I guess it is, Dan. At least that's what I've read on different websites. But when I listened to some mp3 dialogs, I thought I heard them pronounce it as [jubbe].


----------



## TomTrussel

Dan2 said:


> That suggests that it's pronounced as tho it were spelled "jåbbe" (i.e., that it has the vowel of "gått").  Is that correct?



Yes, at least for the dialects local to Oslo and surrounding regions, it's pronounced as if it was spelled jåbbe.

TT


----------



## TomTrussel

Xander2024 said:


> I guess it is, Dan. At least that's what I've read on different websites. But when I listened to some mp3 dialogs, I thought I heard them pronounce it as [jubbe].
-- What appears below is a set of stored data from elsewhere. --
text \<open>The Gaussian factor from the previous lemma is at most \<open>exp (h (w\<^sup>2 + 2 a m))\<close> as
  long as \<open>2 a h \<le> 1/2\<close>; this linearity in \<open>h = T/N\<close> makes the product of \<open>N\<close> such
  factors bounded independently of \<open>N\<close>.\<close>
lemma gaussian_factor_le_exp:
  fixes h a w :: real and m :: nat
  assumes h: "0 < h" and a: "0 \<le> a" and ah: "2 * a * h \<le> 1/2"
  shows "exp (w\<^sup>2 * h / (2 * (1 - 2 * a * h))) / sqrt (1 - 2 * a * h) ^ m
         \<le> exp (h * (w\<^sup>2 + 2 * a * real m))"
proof -
  define q where "q = 1 - 2 * a * h"
  have q1: "1/2 \<le> q" "q \<le> 1" using ah a h by (auto simp: q_def)
  have exp_part: "exp (w\<^sup>2 * h / (2 * q)) \<le> exp (w\<^sup>2 * h)"
  proof -
    have w0: "0 \<le> w\<^sup>2 * h" using h by simp
    have "w\<^sup>2 * h * 1 \<le> w\<^sup>2 * h * (2 * q)" by (rule mult_left_mono[OF _ w0]) (use q1 in auto)
    hence "w\<^sup>2 * h / (2 * q) \<le> w\<^sup>2 * h"
      using q1 by (simp add: divide_le_eq)
    thus ?thesis by simp
  qed
  have inv_q: "1 / q \<le> exp (2 * (1 - q))"
  proof -
    have "0 \<le> (2 * q - 1) * (1 - q)" by (rule mult_nonneg_nonneg) (use q1 in auto)
    hence "1 \<le> (1 + 2 * (1 - q)) * q" by (simp add: algebra_simps)
    hence "1 / q \<le> 1 + 2 * (1 - q)"
      using q1 by (simp add: divide_le_eq)
    also have "\<dots> \<le> exp (2 * (1 - q))" by (rule exp_ge_add_one_self)
    finally show ?thesis .
  qed
  have inv_sqrt_q: "1 / sqrt q \<le> exp (1 - q)"
  proof -
    have "1 / sqrt q = sqrt (1 / q)" by (simp add: real_sqrt_divide)
    also have "\<dots> \<le> sqrt (exp (2 * (1 - q)))" using inv_q by simp
    also have "\<dots> = exp (1 - q)"
      by (rule real_sqrt_unique) (simp_all only: exp_double[symmetric] exp_ge_zero)
    finally show ?thesis .
  qed
  have "1 / sqrt q ^ m \<le> exp (1 - q) ^ m"
    using inv_sqrt_q q1 by (simp add: power_one_over[symmetric] power_mono)
  also have "\<dots> = exp (2 * a * h * real m)" by (simp add: q_def exp_of_nat_mult[symmetric] mult_ac)
  finally have root_part: "1 / sqrt q ^ m \<le> exp (2 * a * h * real m)" .
  have "exp (w\<^sup>2 * h / (2 * q)) / sqrt q ^ m = exp (w\<^sup>2 * h / (2 * q)) * (1 / sqrt q ^ m)" by simp
  also have "\<dots> \<le> exp (w\<^sup>2 * h) * exp (2 * a * h * real m)"
    by (rule mult_mono[OF exp_part root_part]) (use q1 in auto)
  also have "\<dots> = exp (h * (w\<^sup>2 + 2 * a * real m))" by (simp add: exp_add[symmetric] algebra_simps)
  finally show ?thesis by (simp add: q_def)
qed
There is no official spoken standard of Norwegian, and there are a larger amount of different dialects than there are post offices. Hence, when learning to speak Norwegian, you will have to be very specific about what dialect you want to pursue...

TT


----------



## Xander2024

Yes, Tom, I've heard of the many Norwegian dialects but unfortunately our grammar books never specify which dialect this or that is. I believe they just teach us some kind of Oslo-and-its-surroundings dialect.


----------



## Ben Jamin

TomTrussel said:


> There is no official spoken standard of Norwegian, and there are a larger amount of different dialects than there are post offices. Hence, when learning to speak Norwegian, you will have to be very specific about what dialect you want to pursue...
> 
> TT


Have you ever heard anybody pronouncing "[jubbe]"? It must be extremely rare.


----------



## NorwegianNYC

I believe [jubbe] might be used in the inland, central East. Other than that, I agree with Ben Jamin, [jobbe] is pretty much ubiquitous.


----------



## Xander2024

Mange takk, everyone.


----------



## TomTrussel

One of the reasons for it to be rare, is that the word "jobbe" is simply not used in large parts of inland Norway. Most all of Hedmark and Oppland will use their version of "arbeide - _ærbe_" rather than "jobbe"

TT


----------